Model Processing - Quick Reference

Article In Progress...

Before model processing in R, first make sure that R has been installed on the DataJet Server (or desktop if working on a local machine).

Before model processing in python, make sure that python has been installed on the DataJet server.

Model Processing Overview

TODO: Video - Integrated Modelling in DataJet

Prepare Source Data

The output of any profile report
Any discrete field from the data catalog

Develop Model

Use Engineering | User Defined Fields | Discrete Processor | R to open the R Model Processor and Engineering | User Defined Field | Discrete Processor | python to open the python model processor
Select a model template from the System or User library and load into the code panel using <- use
Modify model template as necessary or create a new model from a blank template by editing code in the processing panel
Test model by dropping source data into the source panel and verifying model output in the output panel using Test
Make model available to analysis reports by using Push Model to Library

Apply Model

Open an existing Multi-Function Profile report from Reports Tab

Create a new Analysis | Multi-Function Profile report
Select Model from the Model Drop Down list
Calculate Model
Save Report, and/or Export Results to table or file

Model Processor Console

Source Panel

Drag and drop DataJet objects into the panel to provide source data for the model. The following objects can be added to the source panel:

Reports:
- Profile
- Index Profile
- Multi-function profile
Database fields – discrete fields only

Processing Panel

Load an existing model from the SYSTEM or USER libraries. To load a model:

Select Library tab,
Select a library – USER or SYSTEM
Select a model
Select <- use.
Edit/Develop model in the Code Tab

TODO: Review {

Libraries

SYSTEM Library

The SYSTEM library is a standard library, and contains various example models.
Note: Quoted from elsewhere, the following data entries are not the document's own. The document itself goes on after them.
(* Assume $g(k)\sim k^\alpha$ for some $\alpha\in(0,1]$. For $\varphi>0$ let $X$ have distribution $\mathcal P_\varphi$. Then for each $n\in\mathbb N$, $E[X^n]\sim\varphi^{n/\alpha}$ as $\varphi\to\infty$. Consequently $\ln Z(\varphi)\sim\alpha\varphi^{1/\alpha}$ and $\mathrm{Var}[X]=o(\varphi^{2/\alpha})$ as $\varphi\to\infty$.
   Context: $g:\mathbb N_0\to[0,\infty)$ with $g(n)=0$ iff $n=0$ (also Lipschitz and nondecreasing), $\lim_{k\to\infty}g(k)/k^\alpha=1$. $g(0)!=1$, $g(n)!=\prod_{i=1}^ng(i)$, $Z(\phi)=\sum_{n\ge0}\phi^n/g(n)!$, $\mathcal P_\phi(n)=\phi^n/(g(n)!Z(\phi))$. $a(\varphi)\sim b(\varphi)$ means $a/b\to1$. *)

theory Defs
  imports "HOL-Analysis.Analysis" "HOL-Library.Landau_Symbols"
begin

definition admissible_g :: "(nat \<Rightarrow> real) \<Rightarrow> bool" where
  "admissible_g g \<longleftrightarrow>
     (\<forall>n. g n \<ge> 0) \<and> (\<forall>n. g n = 0 \<longleftrightarrow> n = 0) \<and>
     (\<exists>L. \<forall>m n. \<bar>g m - g n\<bar> \<le> L * \<bar>real m - real n\<bar>) \<and> mono g"

definition gfact :: "(nat \<Rightarrow> real) \<Rightarrow> nat \<Rightarrow> real" where
  "gfact g n = (\<Prod>i=1..n. g i)"

definition Zg :: "(nat \<Rightarrow> real) \<Rightarrow> real \<Rightarrow> real" where
  "Zg g \<phi> = (\<Sum>n. \<phi> ^ n / gfact g n)"

definition Pg :: "(nat \<Rightarrow> real) \<Rightarrow> real \<Rightarrow> nat \<Rightarrow> real" where
  "Pg g \<phi> n = \<phi> ^ n / (gfact g n * Zg g \<phi>)"

definition moment :: "(nat \<Rightarrow> real) \<Rightarrow> real \<Rightarrow> nat \<Rightarrow> real" where
  "moment g \<phi> n = (\<Sum>k. real k ^ n * Pg g \<phi> k)"

definition variance_g :: "(nat \<Rightarrow> real) \<Rightarrow> real \<Rightarrow> real" where
  "variance_g g \<phi> = moment g \<phi> 2 - (moment g \<phi> 1)\<^sup>2"

end

theory Submission
  imports Defs "HOL-Real_Asymp.Real_Asymp"
begin

text \<open>Put c = \<phi>^(1/\<alpha>), so that \<phi> = c^\<alpha>. The unnormalised weights w(k) = \<phi>^k / g(k)! satisfy
  w(k+1) / w(k) = \<phi> / g(k+1), and g(k) \<sim> k^\<alpha> makes this ratio uniformly smaller than 1 beyond
  (1+\<epsilon>)c and uniformly larger than 1 below (1-\<epsilon>)c. Hence the part of \<Sum> k^n w(k) beyond (1+\<epsilon>)c
  is dominated by a geometric series, while the part of \<Sum> w(k) below (1-\<epsilon>)c is exponentially
  small in c, so E[X^n] = \<Sum> k^n w(k) / \<Sum> w(k) \<sim> c^n. Since (ln Z)' = E[X] / \<phi>, l'Hopital's rule
  turns E[X] \<sim> \<phi>^(1/\<alpha>) into ln Z \<sim> \<alpha> \<phi>^(1/\<alpha>); and Var X = E[X^2] - E[X]^2 = o(\<phi>^(2/\<alpha>))
  because both terms are \<sim> \<phi>^(2/\<alpha>).\<close>

lemma real_nat_ceiling_le: "0 \<le> x \<Longrightarrow> real (nat \<lceil>x\<rceil>) \<le> x + 1"
  using of_int_ceiling_le_add_one[of x] by simp

lemma real_nat_floor_gt: "x - 1 < real (nat \<lfloor>x\<rfloor>)"
  using real_of_int_floor_gt_diff_one[of x] by linarith

lemma ratio_le_imp_le_power:
  fixes b :: "nat \<Rightarrow> real"
  assumes "\<forall>k\<ge>N. b (Suc k) \<le> r * b k" "0 \<le> r"
  shows "b (N + j) \<le> r ^ j * b N"
proof (induction j)
  case (Suc j)
  have "b (N + Suc j) \<le> r * b (N + j)"
    using assms(1) by simp
  also have "\<dots> \<le> r * (r ^ j * b N)"
    using Suc assms(2) by (rule mult_left_mono)
  finally show ?case by simp
qed simp

lemma ratio_ge_imp_le_power:
  fixes a :: "nat \<Rightarrow> real"
  assumes "\<forall>k<N. a k \<le> r * a (Suc k)" "0 \<le> r" "j \<le> N"
  shows "a (N - j) \<le> r ^ j * a N"
  using assms(3)
proof (induction j)
  case (Suc j)
  have "a (N - Suc j) \<le> r * a (N - j)"
    using assms(1)[rule_format, of "N - Suc j"] Suc.prems by (simp add: Suc_diff_Suc)
  also have "\<dots> \<le> r * (r ^ j * a N)"
    using Suc assms(2) by (intro mult_left_mono) auto
  finally show ?case by simp
qed simp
SYSTEM Models are stored in Github, and are automatically refreshed whenever the Model Processor starts up.

Only models for the selected programming language (i.e. python or R) will be displayed in the libraries tab.

If the DataJet server is not connected to the internet, no system models will be available.

For SYSTEM models to be available in the multi-function profile report, they must first be “loaded” into the system:

From libraries tab, Select SYSTEM model
Select <- use
From Code tab, select Push To Library

USER Library

The USER Library contains models that are specific to the current installation. These could consist of:

custom imported models,
SYSTEM models that have been configured for the active installation or edited in some way
new models which have been developed using the R Model Processing report.

USER models are stored in the DataJet mongo database on the DataJet server.

For USER models to be available in the multi-function profile report, they must first be “loaded” into the system:

From libraries tab, Select USER model
Select <- use
From Code tab, select Push To Library

Output Panel

The output panel displays the model output, as generated by the Test option.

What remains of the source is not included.